Peter Heeger, MD •  Icahn School of Medicine at Mount Sinai

Peter S. Heeger, MD is a graduate of the University of Pennsylvania School of Medicine (1984). He completed medical residency training along with a Chief Medical Resident year at Temple University Hospital in Philadelphia (1984-1988) and then clinical and research Nephrology training at the University of Pennsylvania (1988-93). After developing a research interest in transplantation in Cleveland OH (Case Western and the Cleveland Clinic), Dr.

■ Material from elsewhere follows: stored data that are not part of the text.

theorem amenable_if_second_order_bound:
  fixes f f' f'' :: "real \<Rightarrow> real"
  assumes f': "\<And>z. (f has_real_derivative f' z) (at z)"
    and f'': "\<And>z. (f' has_real_derivative f'' z) (at z)"
    and key: "\<And>z. \<bar>z\<^sup>2 * f'' z * f z\<bar> \<le> A * ((f z)\<^sup>2 + (z * f' z)\<^sup>2)"
    and "0 \<le> A"
  shows "amenable f UNIV"
proof -
  define C where "C = 2 * (A + 2)"
  have "C \<ge> 4"
    using \<open>0 \<le> A\<close> by (simp add: C_def)
  have "mu_cond f y \<le> ereal C * mu_cond f x"
    if "cond_num f x < \<infinity>" and close: "rel_dist y x < 1 / (ereal C * mu_cond f x)" for x y
  proof (cases "x = 0")
    case True
    then have "mu_cond f x = 1"
      by (simp add: mu_cond_def cond_num_def)
    then have "y = 0"
      using close \<open>C \<ge> 4\<close> True by (auto simp: rel_dist_zero_right split: if_splits)
    then show ?thesis
      using \<open>mu_cond f x = 1\<close> True \<open>C \<ge> 4\<close> by simp
  next
    case False
    with that(1) have "f x \<noteq> 0"
      by (auto simp: cond_num_def split: if_splits)
    define \<mu> where "\<mu> = 1 + \<bar>elasticity f f' x\<bar>"
    have "\<mu> \<ge> 1"
      by (simp add: \<mu>_def)
    have mu_x: "mu_cond f x = ereal \<mu>"
      unfolding \<mu>_def elasticity_def by (rule mu_cond_eq_of_derivative[OF f'[of x] False \<open>f x \<noteq> 0\<close>])
    have "rel_dist y x < ereal (1 / (2 * (A + 2) * \<mu>))"
      using close \<open>C \<ge> 4\<close> by (simp add: mu_x one_divide_ereal C_def \<mu>_def)
    then have "mu_cond f y \<le> ereal (4 * \<mu>)"
      unfolding \<mu>_def by (rule mu_cond_bound_near_nonroot[OF f' f'' key \<open>0 \<le> A\<close> False \<open>f x \<noteq> 0\<close>])
    also have "\<dots> \<le> ereal C * mu_cond f x"
      using \<open>C \<ge> 4\<close> \<open>\<mu> \<ge> 1\<close> by (simp add: mu_x)
    finally show ?thesis .
  qed
  then show ?thesis
    unfolding amenable_def using \<open>C \<ge> 4\<close> by (intro exI[of _ C]) auto
qed

lemma bigo_nhds_if_isCont:
  fixes f g :: "'a::t2_space \<Rightarrow> 'b::real_normed_field"
  assumes "isCont f a" "isCont g a" "g a \<noteq> 0"
  shows "f \<in> O[nhds a](g)"
proof (rule bigoI_tendsto)
  show "((\<lambda>x. f x / g x) \<longlongrightarrow> f a / g a) (nhds a)"
    using assms by (intro tendsto_divide) (simp_all add: isCont_def tendsto_at_iff_tendsto_nhds)
  show "\<forall>\<^sub>F x in nhds a. g x \<noteq> 0"
    using assms by (intro tendsto_imp_eventually_ne) (simp_all add: isCont_def tendsto_at_iff_tendsto_nhds)
qed

lemma norm_le_mult_norm_mono: "norm a \<le> c * norm b \<Longrightarrow> c \<le> C \<Longrightarrow> norm a \<le> C * norm b"
  by (meson mult_right_mono norm_ge_zero order_trans)

lemma uniform_bound_on_compact_if_bigo_nhds:
  fixes f g :: "'a::topological_space \<Rightarrow> 'b::real_normed_field"
  assumes "compact K" and local: "\<And>a. a \<in> K \<Longrightarrow> f \<in> O[nhds a](g)"
  shows "\<exists>C. \<forall>x\<in>K. norm (f x) \<le> C * norm (g x)"
proof -
  have "\<exists>c U. open U \<and> a \<in> U \<and> (\<forall>x\<in>U. norm (f x) \<le> c * norm (g x))" if "a \<in> K" for a
  proof -
    from local[OF that] obtain c where "\<forall>\<^sub>F x in nhds a. norm (f x) \<le> c * norm (g x)"
      by (elim landau_o.bigE)
    then show ?thesis
      unfolding eventually_nhds by blast
  qed
  then obtain c U where U: "\<And>a. a \<in> K \<Longrightarrow> open (U a)" "\<And>a. a \<in> K \<Longrightarrow> a \<in> U a"
    and near: "\<And>a x. a \<in> K \<Longrightarrow> x \<in> U a \<Longrightarrow> norm (f x) \<le> c a * norm (g x)"
    by metis
  obtain K' where K': "K' \<subseteq> K" "finite K'" "K \<subseteq> (\<Union>a\<in>K'. U a)"
    by (rule compactE_image[OF \<open>compact K\<close>, of K U]) (use U in auto)
  have "norm (f x) \<le> (\<Sum>a\<in>K'. \<bar>c a\<bar>) * norm (g x)" if "x \<in> K" for x
  proof -
    obtain a where "a \<in> K'" "x \<in> U a"
      using K'(3) \<open>x \<in> K\<close> by blast
    have c_le: "c a \<le> (\<Sum>a\<in>K'. \<bar>c a\<bar>)"
      using member_le_sum[of a K' "\<lambda>a. \<bar>c a\<bar>"] \<open>a \<in> K'\<close> K'(2) abs_ge_self[of "c a"] by simp
    have "a \<in> K"
      using \<open>a \<in> K'\<close> K'(1) by blast
    show ?thesis
      by (rule norm_le_mult_norm_mono[OF near[OF \<open>a \<in> K\<close> \<open>x \<in> U a\<close>] c_le])
  qed
  then show ?thesis
    by blast
qed

lemma uniform_bound_if_bigo_nhds_and_at_infinity:
  fixes f g :: "'a::{real_normed_vector,heine_borel} \<Rightarrow> 'b::real_normed_field"
  assumes local: "\<And>a. f \<in> O[nhds a](g)" and infinity: "f \<in> O[at_infinity](g)"
  shows "\<exists>C>0. \<forall>x. norm (f x) \<le> C * norm (g x)"
proof -
  from infinity obtain c where "c > 0" "\<forall>\<^sub>F x in at_infinity. norm (f x) \<le> c * norm (g x)"
    by (elim landau_o.bigE)
  then obtain R where far: "\<And>x. R \<le> norm x \<Longrightarrow> norm (f x) \<le> c * norm (g x)"
    by (auto simp: eventually_at_infinity)
  obtain c' where near: "\<And>x. x \<in> cball 0 R \<Longrightarrow> norm (f x) \<le> c' * norm (g x)"
    using uniform_bound_on_compact_if_bigo_nhds[OF compact_cball local] by blast
  have "norm (f x) \<le> (c + \<bar>c'\<bar>) * norm (g x)" for x
  proof (cases "R \<le> norm x")
    case True
    from far[OF True] show ?thesis
      by (rule norm_le_mult_norm_mono) simp
  next
    case False
    then have "x \<in> cball 0 R"
      by simp
    from near[OF this] show ?thesis
      by (rule norm_le_mult_norm_mono) (use \<open>c > 0\<close> in linarith)
  qed
  moreover have "c + \<bar>c'\<bar> > 0"
    using \<open>c > 0\<close> by linarith
  ultimately show ?thesis
    by blast
qed

lemma poly_bigo_at_infinity:
  fixes p q :: "real poly"
  assumes "q \<noteq> 0" "degree p \<le> degree q"
  shows "poly p \<in> O[at_infinity](poly q)"
proof -
  obtain L where "((\<lambda>x. poly p x / poly q x) \<longlongrightarrow> L) at_infinity"
  proof (cases "degree p < degree q")
    case True
    then show ?thesis using poly_divide_tendsto_0_at_infinity that by blast
  next
    case False
    then have deg: "degree p = degree q"
      using assms by simp
    have lim: "((\<lambda>x. (poly p x / x ^ degree q) / (poly q x / x ^ degree q)) \<longlongrightarrow> lead_coeff p / lead_coeff q) at_infinity"
      using poly_divide_tendsto_aux[of p] poly_divide_tendsto_aux[of q] assms(1)
      by (intro tendsto_divide) (simp_all add: deg)
    have "\<forall>\<^sub>F x in at_infinity. (poly p x / x ^ degree q) / (poly q x / x ^ degree q) = poly p x / poly q x"
      by (rule eventually_at_infinityI[of 1]) auto
    from tendsto_cong[OF this] lim show ?thesis
      by (intro that) simp
  qed
  then show ?thesis
    using poly_eventually_not_zero[OF assms(1)] by (rule bigoI_tendsto)
qed

lemma power_dvd_pderiv:
  fixes p :: "'a::idom poly"
  assumes "[:-a, 1:] ^ n dvd p"
  shows "[:-a, 1:] ^ (n - 1) dvd pderiv p"
proof -
  obtain r where p: "p = [:-a, 1:] ^ n * r"
    using assms by (elim dvdE)
  have "[:-a, 1:] ^ (n - 1) dvd [:-a, 1:] ^ n"
    by (rule le_imp_power_dvd) simp
  then have "[:-a, 1:] ^ (n - 1) dvd [:-a, 1:] ^ n * pderiv r"
    by (rule dvd_mult2)
  moreover have "[:-a, 1:] ^ (n - 1) dvd r * smult (of_nat n) ([:-a, 1:] ^ (n - 1) * pderiv [:-a, 1:])"
    by (intro dvd_mult dvd_smult dvd_mult2) simp
  ultimately show ?thesis
    unfolding p pderiv_mult pderiv_power by (rule dvd_add)
qed

lemma second_order_bigo_nhds_if_factorization:
  fixes p c u v :: "real poly"
  assumes p: "p = c * u" and euler: "[:0, 1:] * pderiv p = c * v"
    and dvd: "c dvd [:0, 1:] ^ 2 * pderiv (pderiv p) * u"
    and nonzero: "poly u a \<noteq> 0 \<or> poly v a \<noteq> 0"
  shows "(\<lambda>x. x\<^sup>2 * poly (pderiv (pderiv p)) x * poly p x)
    \<in> O[nhds a](\<lambda>x. (poly p x)\<^sup>2 + (x * poly (pderiv p) x)\<^sup>2)"
proof -
  obtain w where w: "[:0, 1:] ^ 2 * pderiv (pderiv p) * u = c * w"
    using dvd by (elim dvdE)
  have p_eval: "poly p x = poly c x * poly u x" for x
    by (simp add: p)
  have F: "x\<^sup>2 * poly (pderiv (pderiv p)) x * poly p x = (poly c x)\<^sup>2 * poly w x" for x
    using arg_cong[OF w, of "\<lambda>q. poly q x * poly c x"] by (simp add: p_eval power2_eq_square mult_ac)
  have G: "(poly p x)\<^sup>2 + (x * poly (pderiv p) x)\<^sup>2 = (poly c x)\<^sup>2 * ((poly u x)\<^sup>2 + (poly v x)\<^sup>2)" for x
    using arg_cong[OF euler, of "\<lambda>q. poly q x"] by (simp add: p_eval power_mult_distrib distrib_left)
  have "(poly u a)\<^sup>2 + (poly v a)\<^sup>2 \<noteq> 0"
    using nonzero by (simp add: sum_power2_eq_zero_iff)
  then have "poly w \<in> O[nhds a](\<lambda>x. (poly u x)\<^sup>2 + (poly v x)\<^sup>2)"
    by (intro bigo_nhds_if_isCont) (auto intro!: continuous_intros)
  then have "(\<lambda>x. (poly c x)\<^sup>2 * poly w x) \<in> O[nhds a](\<lambda>x. (poly c x)\<^sup>2 * ((poly u x)\<^sup>2 + (poly v x)\<^sup>2))"
    by (rule landau_o.big.mult_left)
  then show ?thesis
    unfolding F G .
qed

Heeger moved to the Icahn School of Medicine at Mount Sinai (NY) where he is currently the Irene and Arthur Fishberg Professor of Medicine and Director of the Translational Transplant Research Center. Dr. Heeger has been continuously funded through the National Institutes of Health for 19 years for studies in transplantation immunobiology. He currently leads an NIH consortium, Clinical Trials in Organ Transplantation, which is conducting multiple international trials to assess the utility of noninvasive biomarkers to predict outcomes and guide treatment strategies in transplant recipients. Dr. Heeger’s basic science research interests are in mechanisms of allograft injury and tolerance, with a specific focus on interactions between the complement system and T lymphocytes. Dr. Heeger is the author of > 140 publications. He currently is a member of the TTT NIH study section for grant reviews, is an associate editor and reviewer for multiple immunology, transplant and nephrology journals (including J Clin Invest and Am J Transplantation), and is the 2011 recipient of the Established Investigator Award from the American Society of Transplantation.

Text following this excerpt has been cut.